POLYCYSTIC LIVER DISEASE Adult polycystic liver disease(PCLD) occurs as an autosomal dominant disease and usually presents in the third decade of life. Approximately 44% to 76% of affected families have mutation in PKD1 and approximately 75% have mutations of PKD2 . The cysts are histologically similar to simple cysts with the only difference being the number of cysts. Liver cysts are always preceded by kidney cysts,and their prevelance in adult polycystic kidney disease increases with age.
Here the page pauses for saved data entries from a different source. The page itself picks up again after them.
lemma (in prob_space) second_moment_sum_le:
  fixes a :: "'i \<Rightarrow> 'a \<Rightarrow> real"
  assumes "finite I"
    and a_meas: "\<And>i. i \<in> I \<Longrightarrow> a i \<in> borel_measurable M"
    and a_bound: "\<And>i \<omega>. i \<in> I \<Longrightarrow> \<bar>a i \<omega>\<bar> \<le> 1"
    and orthogonal: "\<And>i j. i \<in> I \<Longrightarrow> j \<in> I \<Longrightarrow> j \<notin> R i \<Longrightarrow> (\<integral>\<omega>. a i \<omega> * a j \<omega> \<partial>M) = 0"
    and few_related: "\<And>i. i \<in> I \<Longrightarrow> card {j \<in> I. j \<in> R i} \<le> m"
  shows "(\<integral>\<omega>. (\<Sum>i\<in>I. a i \<omega>)\<^sup>2 \<partial>M) \<le> real (card I) * real m"
proof -
  have prod_bound: "\<bar>a i \<omega> * a j \<omega>\<bar> \<le> 1" if "i \<in> I" "j \<in> I" for i j \<omega>
    using a_bound[OF that(1)] a_bound[OF that(2)] by (auto simp: abs_mult intro: mult_le_one)
  have prod_int: "integrable M (\<lambda>\<omega>. a i \<omega> * a j \<omega>)" if "i \<in> I" "j \<in> I" for i j
    using prod_bound[OF that] a_meas that by (intro integrable_const_bound[where B=1]) auto
  have row: "(\<Sum>j\<in>I. \<integral>\<omega>. a i \<omega> * a j \<omega> \<partial>M) \<le> real m" if i: "i \<in> I" for i
  proof -
    have "(\<Sum>j\<in>I. \<integral>\<omega>. a i \<omega> * a j \<omega> \<partial>M) \<le> (\<Sum>j\<in>I. if j \<in> R i then 1 else 0)"
    proof (intro sum_mono)
      fix j assume j: "j \<in> I"
      have "(\<integral>\<omega>. a i \<omega> * a j \<omega> \<partial>M) \<le> 1"
        using prod_bound[OF i j] by (intro integral_le_const prod_int i j) (auto simp: abs_le_iff)
      then show "(\<integral>\<omega>. a i \<omega> * a j \<omega> \<partial>M) \<le> (if j \<in> R i then 1 else 0)"
        using orthogonal[OF i j] by auto
    qed
    also have "\<dots> = real (card {j \<in> I. j \<in> R i})"
      using \<open>finite I\<close> by (simp add: sum.If_cases Int_def)
    also have "\<dots> \<le> real m"
      using few_related[OF i] by simp
    finally show ?thesis .
  qed
  have "(\<integral>\<omega>. (\<Sum>i\<in>I. a i \<omega>)\<^sup>2 \<partial>M) = (\<Sum>i\<in>I. \<Sum>j\<in>I. \<integral>\<omega>. a i \<omega> * a j \<omega> \<partial>M)"
    using prod_int by (simp add: power2_eq_square sum_product integrable_sum)
  also have "\<dots> \<le> (\<Sum>i\<in>I. real m)"
    by (intro sum_mono row)
  finally show ?thesis
    by simp
qed

lemma (in prob_space) integral_indep_var:
  fixes \<phi> :: "'b \<times> 'b \<Rightarrow> real"
  assumes indep: "indep_var S U T V"
    and \<phi>_meas: "\<phi> \<in> borel_measurable (S \<Otimes>\<^sub>M T)" and \<phi>_bound: "\<And>z. \<bar>\<phi> z\<bar> \<le> c"
  shows "(\<integral>\<omega>. \<phi> (U \<omega>, V \<omega>) \<partial>M) = (\<integral>u. (\<integral>v. \<phi> (u, v) \<partial>distr M T V) \<partial>distr M S U)"
proof -
  have U_meas: "U \<in> measurable M S" and V_meas: "V \<in> measurable M T"
    using indep by (auto dest: indep_var_rv1 indep_var_rv2)
  interpret UV: pair_prob_space "distr M S U" "distr M T V"
    using U_meas V_meas
    by (simp add: pair_prob_space_def pair_sigma_finite_def prob_space_imp_sigma_finite prob_space_distr)
  have joint: "distr M (S \<Otimes>\<^sub>M T) (\<lambda>\<omega>. (U \<omega>, V \<omega>)) = distr M S U \<Otimes>\<^sub>M distr M T V"
    using indep by (simp add: indep_var_distribution_eq)
  have "integrable (distr M S U \<Otimes>\<^sub>M distr M T V) \<phi>"
    using \<phi>_meas \<phi>_bound by (intro UV.P.integrable_const_bound[where B=c]) auto
  then have "(\<integral>z. \<phi> z \<partial>(distr M S U \<Otimes>\<^sub>M distr M T V))
      = (\<integral>u. (\<integral>v. \<phi> (u, v) \<partial>distr M T V) \<partial>distr M S U)"
    by (rule UV.integral_fst'[symmetric])
  moreover have "(\<integral>\<omega>. \<phi> (U \<omega>, V \<omega>) \<partial>M) = (\<integral>z. \<phi> z \<partial>distr M (S \<Otimes>\<^sub>M T) (\<lambda>\<omega>. (U \<omega>, V \<omega>)))"
    using U_meas V_meas \<phi>_meas by (subst integral_distr) auto
  ultimately show ?thesis
    by (simp add: joint)
qed

locale iid_sequence = prob_space M for M :: "'a measure" +
  fixes X :: "nat \<Rightarrow> 'a \<Rightarrow> real" and F :: "real measure"
  assumes indep: "indep_vars (\<lambda>_. borel) X {1..}"
    and law: "\<And>i. 1 \<le> i \<Longrightarrow> distr M borel (X i) = F"
    and X_meas [measurable]: "\<And>i. X i \<in> borel_measurable M"
begin
(* Let $\lambda\geqslant\omega$ be a cardinal and $n$ a positive integer, and let $\mathscr{I}_\lambda^n$ carry any Hausdorff topology making it a topological semigroup. Let $S$ be a topological semigroup such that $S\times S$ is countably compact. Then every continuous homomorphism $h\colon\mathscr{I}_\lambda^n\to S$ is annihilating, i.e. $(s)h=(t)h$ for all $s,t\in\mathscr{I}_\lambda^n$.
   Context: A topological semigroup is a Hausdorff space with a continuous associative multiplication. For a set $X$ of cardinality $\lambda$, $\mathscr{I}(X)$ is the semigroup of all partial one-to-one maps of $X$ (including the empty map) under composition $x(\alpha\beta)=(x\alpha)\beta$ on $\operatorname{dom}(\alpha\beta)=\{y\in\operatorname{dom}\alpha: y\alpha\in\operatorname{dom}\beta\}$; the rank of $\alpha$ is $|\operatorname{ran}\alpha|$, and $\mathscr{I}_\lambda^n=\{\alpha\in\mathscr{I}(X):\operatorname{rank}\alpha\leqslant n\}$. A homomorphism is annihilating if it is constant. $\omega$ is the first infinite cardinal. *)

theory Defs
  imports "HOL-Analysis.Analysis"
begin

definition countably_compact_space :: "'a topology \<Rightarrow> bool" where
  "countably_compact_space T \<longleftrightarrow>
    (\<forall>\<U>. countable \<U> \<longrightarrow> (\<forall>U\<in>\<U>. openin T U) \<longrightarrow> topspace T \<subseteq> \<Union>\<U>
       \<longrightarrow> (\<exists>\<F>\<subseteq>\<U>. finite \<F> \<and> topspace T \<subseteq> \<Union>\<F>))"

definition top_semigroup :: "'a topology \<Rightarrow> ('a \<Rightarrow> 'a \<Rightarrow> 'a) \<Rightarrow> bool" where
  "top_semigroup T m \<longleftrightarrow>
    Hausdorff_space T \<and>
    (\<forall>x\<in>topspace T. \<forall>y\<in>topspace T. m x y \<in> topspace T) \<and>
    (\<forall>x\<in>topspace T. \<forall>y\<in>topspace T. \<forall>z\<in>topspace T. m (m x y) z = m x (m y z)) \<and>
    continuous_map (prod_topology T T) T (\<lambda>(x, y). m x y)"

definition partial_injections :: "'a set \<Rightarrow> ('a \<Rightarrow> 'a option) set" where
  "partial_injections X = {\<alpha>. dom \<alpha> \<subseteq> X \<and> ran \<alpha> \<subseteq> X \<and> inj_on \<alpha> (dom \<alpha>)}"

text \<open>Composition in the paper's right-action convention: x(\<alpha>\<beta>) = (x\<alpha>)\<beta>.\<close>
definition pmult :: "('a \<Rightarrow> 'a option) \<Rightarrow> ('a \<Rightarrow> 'a option) \<Rightarrow> ('a \<Rightarrow> 'a option)" where
  "pmult \<alpha> \<beta> = \<beta> \<circ>\<^sub>m \<alpha>"

definition prank :: "('a \<Rightarrow> 'a option) \<Rightarrow> nat" where
  "prank \<alpha> = card (ran \<alpha>)"

definition I_rank :: "'a set \<Rightarrow> nat \<Rightarrow> ('a \<Rightarrow> 'a option) set" where
  "I_rank X n = {\<alpha> \<in> partial_injections X. finite (ran \<alpha>) \<and> prank \<alpha> \<le> n}"

end

theory Submission
  imports Defs
begin

(* If a_j b_j = c for all j and a_j b_k = d for all j \<noteq> k in S, let (x, y) be a
   cluster point of (a_j, b_j) in S \<times> S; then (x, y) lies in the closure of both the
   diagonal pairs and the off-diagonal pairs, and since multiplication is continuous
   into a Hausdorff space, c = xy = d.

   Algebraic part: every s of rank at most n factors as s = u_j v_j, where u_j maps
   dom s bijectively onto the j-th of infinitely many pairwise disjoint copies of
   dom s inside X and v_j undoes u_j before applying s; then u_j v_k = 0 for j \<noteq> k.

   Applying the topological part to a_j = h u_j, b_j = h v_j gives h s = h 0 for
   every s.  Continuity of h is only needed to know that h takes values in S. *)

definition cluster_point :: "'a topology \<Rightarrow> (nat \<Rightarrow> 'a) \<Rightarrow> 'a \<Rightarrow> bool" where
  "cluster_point T z p \<longleftrightarrow>
     p \<in> topspace T \<and> (\<forall>W. openin T W \<and> p \<in> W \<longrightarrow> infinite {j. z j \<in> W})"

(* In a countably compact space every sequence has a cluster point: otherwise the
   complements of the closures of the tails form a countable increasing open cover
   without finite subcover. *)
lemma countably_compact_cluster_point:
  fixes z :: "nat \<Rightarrow> 'a"
  assumes cc: "countably_compact_space T" and z: "\<And>j. z j \<in> topspace T"
  shows "\<exists>p. cluster_point T z p"
proof (rule ccontr)
  assume no_cluster: "\<nexists>p. cluster_point T z p"
  define U where "U k = topspace T - T closure_of (z ` {k..})" for k
  have open_U: "openin T (U k)" for k
    unfolding U_def by auto
  have mono_U: "U i \<subseteq> U k" if "i \<le> k" for i k
    unfolding U_def using that by (intro Diff_mono order_refl closure_of_mono) auto
  have cover: "topspace T \<subseteq> \<Union>(range U)"
  proof
    fix p assume p: "p \<in> topspace T"
    then obtain W where W: "openin T W" "p \<in> W" "finite {j. z j \<in> W}"
      using no_cluster unfolding cluster_point_def by blast
    then obtain k where "\<forall>j\<in>{j. z j \<in> W}. j < k"
      using finite_nat_set_iff_bounded by blast
    then have "W \<inter> z ` {k..} = {}"
      by fastforce
    then have "p \<notin> T closure_of (z ` {k..})"
      using W unfolding in_closure_of by blast
    then show "p \<in> \<Union>(range U)"
      using p unfolding U_def by blast
  qed
  obtain F where F: "F \<subseteq> range U" "finite F" "topspace T \<subseteq> \<Union>F"
    using cc[unfolded countably_compact_space_def, rule_format, of "range U"] open_U cover
    by blast
  then obtain I where I: "finite I" "F = U ` I"
    by (meson finite_subset_image)
  then obtain K where "\<forall>i\<in>I. i \<le> K"
    using finite_nat_set_iff_bounded_le by blast
  then have "topspace T \<subseteq> U K"
    using F(3) I(2) mono_U by blast
  moreover have "z K \<in> T closure_of (z ` {K..})"
    using z by (intro closure_of_subset[THEN subsetD]) auto
  ultimately show False
    using z[of K] unfolding U_def by blast
qed

lemma continuous_map_const_on_closure:
  assumes "Hausdorff_space Y" and "continuous_map X Y f" and "c \<in> topspace Y"
    and "p \<in> X closure_of A" and "\<And>q. q \<in> A \<Longrightarrow> f q = c"
  shows "f p = c"
proof -
  let ?C = "{q \<in> topspace X. f q \<in> {c}}"
  have "closedin X ?C"
    using closedin_continuous_map_preimage[OF assms(2) closedin_Hausdorff_singleton[OF assms(1,3)]] .
  moreover have "p \<in> X closure_of ?C"
    using assms(4,5) closure_of_restrict[of X A] closure_of_mono[of "topspace X \<inter> A" ?C X]
    by auto
  ultimately show ?thesis
    by (simp add: closure_of_closedin)
qed

lemma infinite_two_elements:
  assumes "infinite A"
  obtains a b where "a \<in> A" "b \<in> A" "a \<noteq> b"
proof -
  obtain B where "B \<subseteq> A" "finite B" "card B = 2"
    using infinite_arbitrarily_large[OF assms] by blast
  then show ?thesis
    using that by (auto simp: card_2_iff)
qed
SYMPTOMS : Patients with small number of cysts usually remain asymptomatic,whereas patient with larger cysts develop symptoms like abdominal pain, distension,SOB,And early satiety. Despite the large number of cysts,hepatic parenchyma and function are usually preserved. LFT results are almost always normal.

COMPLICATIONS : The most common liver specific complications associated with PCLD are intracystic hemorrhage , infection ,and post traumatic rupture . Hepatic decompensation,variceal hemorrhage,ascites,and encephalopathy develop rarely in patients with PCLD and in only those with massive cysts.
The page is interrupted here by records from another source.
definition vee :: "real^'N \<Rightarrow> real^'N \<Rightarrow> real^'N^'N" where
  "vee a b = (\<chi> i j. (a $ i * b $ j + b $ i * a $ j) / 2)"

definition mat_le :: "real^'N^'N \<Rightarrow> real^'N^'N \<Rightarrow> bool" where
  "mat_le A B \<longleftrightarrow> (\<forall>v. v \<bullet> (A *v v) \<le> v \<bullet> (B *v v))"

definition admT :: "(real^'n \<Rightarrow> real^'N^'N) \<Rightarrow> bool" where
  "admT T \<longleftrightarrow> continuous_on (- {0}) T \<and> (\<forall>y. y \<noteq> 0 \<longrightarrow> transpose (T y) = T y)
      \<and> (T \<longlongrightarrow> 0) (at 0)"

definition J1 :: "(real^'n) set \<Rightarrow> (real^'n \<Rightarrow> real^'N) \<Rightarrow> real^'N \<Rightarrow> real^'n \<Rightarrow> (real^'n^'N) set" where
  "J1 \<Omega> u \<xi> x = {P. \<exists>T. admT T \<and> (\<exists>r>0. \<forall>z\<in>\<Omega>. 0 < dist z x \<and> dist z x < r \<longrightarrow>
      mat_le (vee \<xi> (u z - u x - P *v (z - x))) (norm (z - x) *\<^sub>R T (z - x)))}"

definition J2 :: "(real^'n) set \<Rightarrow> (real^'n \<Rightarrow> real^'N) \<Rightarrow> real^'N \<Rightarrow> real^'n
    \<Rightarrow> ((real^'n^'N) \<times> (real^'n^'n^'N)) set" where
  "J2 \<Omega> u \<xi> x = {(P, X). symX X \<and> (\<exists>T. admT T \<and> (\<exists>r>0. \<forall>z\<in>\<Omega>. 0 < dist z x \<and> dist z x < r \<longrightarrow>
      mat_le (vee \<xi> (u z - u x - P *v (z - x) - (1/2) *\<^sub>R quadX X (z - x)))
             ((norm (z - x))\<^sup>2 *\<^sub>R T (z - x))))}"

definition J1bar :: "(real^'n) set \<Rightarrow> (real^'n \<Rightarrow> real^'N) \<Rightarrow> real^'N \<Rightarrow> real^'n \<Rightarrow> (real^'n^'N) set" where
  "J1bar \<Omega> u \<xi> x = {P. \<exists>\<xi>s xs Ps. (\<forall>m. \<xi>s m \<in> sphere 0 1 \<and> xs m \<in> \<Omega> \<and> Ps m \<in> J1 \<Omega> u (\<xi>s m) (xs m))
      \<and> \<xi>s \<longlonglongrightarrow> \<xi> \<and> xs \<longlonglongrightarrow> x \<and> Ps \<longlonglongrightarrow> P}"
(* Consider Phase-1 training with learning rate $\alpha>0$ on a fixed batch of size $N$, fix $a_\star\in(0,1]$, and let $T_\star := \min\{t : |a_t| \ge a_\star\}$. Let $q_\star := c_0/\sqrt N > 0$. Assume \[ \mathrm{sign}(a_0) = \mathrm{sign}(q_0), \qquad |q_0| \ge q_\star, \] and the stability condition $\alpha a_\star\|\widehat M\|_2 \le \frac12$. Then for all $t < T_\star$ we have $\mathrm{sign}(a_t) = \mathrm{sign}(q_t) = \mathrm{sign}(q_0)$ and $|q_t| \ge |q_0| \ge q_\star$. Consequently, \[ T_\star \le \left\lceil \frac{2(a_\star - |a_0|)_+}{\alpha q_\star}\right\rceil . \]
   Context: $\widehat M := \frac1N\sum_{s=1}^N y^{(s)}x^{(s)}x^{(s)\top}$ for samples $x^{(s)}\in\{\pm1\}^d$, $y^{(s)} = x^{(s)}_1x^{(s)}_2$. Phase-1 updates: $a_{t+1} = \mathrm{clip}_{[-1,1]}(a_t + \frac\alpha2 q_t)$, $w_{t+1} = \frac{w_t + \alpha a_t\widehat M w_t}{\|w_t + \alpha a_t\widehat M w_t\|_2}$, $q_t := w_t^\top\widehat M w_t$, with $w_0$ a unit vector. $c_0>0$ is a constant (in the paper, $c_0\in(0,\sqrt3/2)$ from the lower bound $\Pr[|q_0|\ge c_0/\sqrt N]\ge p_{PZ}(c_0)$). $(z)_+ = \max\{z,0\}$. *)

theory Defs
  imports "HOL-Analysis.Analysis"
begin

definition clip :: "real \<Rightarrow> real \<Rightarrow> real \<Rightarrow> real" where
  "clip lo hi z = max lo (min hi z)"

definition pos_part :: "real \<Rightarrow> real" where
  "pos_part z = max z 0"

definition Mhat :: "nat \<Rightarrow> (nat \<Rightarrow> real^'d) \<Rightarrow> 'd \<Rightarrow> 'd \<Rightarrow> real^'d^'d" where
  "Mhat N x i1 i2 = (\<chi> i j. (1 / real N) *
      (\<Sum>s<N. (x s $ i1 * x s $ i2) * (x s $ i * x s $ j)))"

definition spec_norm :: "real^'n^'m \<Rightarrow> real" where
  "spec_norm A = onorm (\<lambda>v. A *v v)"

end

theory Submission
  imports Defs
begin

(* Write sigma = sgn q_0. The w-update is one normalized power-iteration step
   w |-> (w + beta M w) / |w + beta M w| with beta = alpha a_t, and for symmetric M the
   Rayleigh quotient moves in the direction of sgn beta as long as |beta| |M| <= 1/2.
   Hence, while |a_t| < a_star, induction keeps sigma a_t > 0 and sigma q_t >= |q_0|,
   so sigma a_t increases by at least alpha |q_0| / 2 >= alpha q_star / 2 per step until
   it is clipped at 1 >= a_star; this bounds the hitting time. *)

lemma inner_matrix_vector_mult_sym:
  fixes M :: "real^'n^'n"
  assumes "transpose M = M"
  shows "x \<bullet> (M *v y) = (M *v x) \<bullet> y"
  by (metis assms dot_lmul_matrix transpose_matrix_vector)

lemma transpose_Mhat: "transpose (Mhat N x i1 i2) = Mhat N x i1 i2"
  by (simp add: transpose_def Mhat_def vec_eq_iff mult.commute mult.left_commute)

lemma power_step_rayleigh_identity:
  fixes f :: "'a::real_inner \<Rightarrow> 'a" and w :: 'a and \<beta> :: real
  assumes lin: "linear f" and sym: "\<And>x y. x \<bullet> f y = f x \<bullet> y" and w: "norm w = 1"
  defines "q \<equiv> w \<bullet> f w" and "u \<equiv> f w - (w \<bullet> f w) *\<^sub>R w" and "v \<equiv> w + \<beta> *\<^sub>R f w"
  shows "v \<bullet> f v - q * (v \<bullet> v) = \<beta> * ((2 + \<beta> * q) * (u \<bullet> u) + \<beta> * (u \<bullet> f u))"
proof -
  have ww: "w \<bullet> w = 1" using w by (simp add: dot_square_norm)
  have wu: "w \<bullet> u = 0" unfolding u_def by (simp add: inner_diff_right ww inner_commute)
  have uw: "u \<bullet> w = 0" using wu by (simp add: inner_commute)
  have fw: "f w = u + q *\<^sub>R w" by (simp add: u_def q_def)
  have wfu: "w \<bullet> f u = u \<bullet> u"
    unfolding sym fw by (simp add: inner_add_left wu)
  have v: "v = (1 + \<beta> * q) *\<^sub>R w + \<beta> *\<^sub>R u" by (simp add: v_def fw algebra_simps)
  have fv: "f v = (1 + \<beta> * q) *\<^sub>R (u + q *\<^sub>R w) + \<beta> *\<^sub>R f u"
    unfolding v fw[symmetric] using lin by (simp add: linear_add linear_scale)
  have vfv: "v \<bullet> f v = (1 + \<beta> * q)\<^sup>2 * q + 2 * (1 + \<beta> * q) * \<beta> * (u \<bullet> u) + \<beta>\<^sup>2 * (u \<bullet> f u)"
    unfolding fv by (simp add: v inner_add_left inner_add_right ww wu uw wfu power2_eq_square algebra_simps)
  have vv: "v \<bullet> v = (1 + \<beta> * q)\<^sup>2 + \<beta>\<^sup>2 * (u \<bullet> u)"
    unfolding v by (simp add: inner_add_left inner_add_right ww wu uw power2_eq_square algebra_simps)
  show ?thesis
    unfolding vfv vv by (simp add: power2_eq_square algebra_simps)
qed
INVESTIGATIONS : Most useful imaging tests are CT or MRI of the abdomen ,which will demonstrate the characteristic polycystic apperance . Modestly elevated gamma- glytamyltransferase level. Other conditions that may be associated with PCLD include cerebral aneurysm,diverticulosis,mitral valve prolapse and inguinal hernia.
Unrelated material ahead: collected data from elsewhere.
text \<open>The expectation over \<open>k\<close> independent indices drawn uniformly from \<open>{..<n}\<close>: a history
  \<open>hs\<close> lists the indices sampled so far, oldest first.\<close>

definition uniform_history_mean :: "nat \<Rightarrow> nat \<Rightarrow> (nat list \<Rightarrow> real) \<Rightarrow> real" where
  "uniform_history_mean n k a =
     1 / real n ^ k * (\<Sum>hs \<in> {hs. set hs \<subseteq> {..<n} \<and> length hs = k}. a hs)"

lemma uniform_history_mean_0: "uniform_history_mean n 0 a = a []"
proof -
  have "{hs. set hs \<subseteq> {..<n} \<and> length hs = 0} = {[]}" by auto
  then show ?thesis by (simp add: uniform_history_mean_def)
qed

lemma uniform_history_mean_Suc:
  assumes "n > 0"
  shows "uniform_history_mean n (Suc k) a = uniform_history_mean n k (\<lambda>hs. (\<Sum>i<n. a (hs @ [i])) / real n)"
  using assms unfolding uniform_history_mean_def sum_lists_length_Suc[OF finite_lessThan]
  by (simp add: sum_divide_distrib[symmetric])

lemma uniform_history_mean_mono:
  assumes "\<And>hs. set hs \<subseteq> {..<n} \<Longrightarrow> a hs \<le> b hs"
  shows "uniform_history_mean n k a \<le> uniform_history_mean n k b"
  unfolding uniform_history_mean_def using assms by (intro mult_left_mono sum_mono) auto

lemma uniform_history_mean_affine:
  fixes c d :: real
  assumes "n > 0"
  shows "uniform_history_mean n k (\<lambda>hs. c * a hs + d) = c * uniform_history_mean n k a + d"
  using assms unfolding uniform_history_mean_def
  by (simp add: sum.distrib sum_distrib_left card_lists_length_eq algebra_simps)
TREATMENT : The principal aim of the treatment is to ameliorate symptoms by decreasing liver volume. MEDICAL : Somatostatin analogues like octreotide and lanreoride mTOR ( mammalian target of rapamycin inhibitors used to reduce liver volume and decrease the proliferation. SURGICAL : > Cyst aspiration and sclerotherapy >Cyst fenestration,or surgical unroofing of the cyst. >Hepatic resection >OLT(orthotropic liver transplantation) In context of renal failure,a combined kidney and liver transplantation may be appropriate.

BILE DUCT CYSTS: Bile duct cysts or choledochal cysts are congenital dilatations of the biliary tree that are usually diagnosed in childhood but can present in adulthood Type IV cysts and Caroli’s disease(type V) is characterized by multiple intrahepatic cysts. Approximately 50% of cases of Caroli’s disease are associated with congenital hepatic fibrosis,the cysts are diffusely located throughout the liver. Because of risk of malignancy and recurrent cholangitis, treatment is excision with re-establishment of biliary-enteric continuity. Treatment for diffuse hepatic involvement is poor and may require transplantation.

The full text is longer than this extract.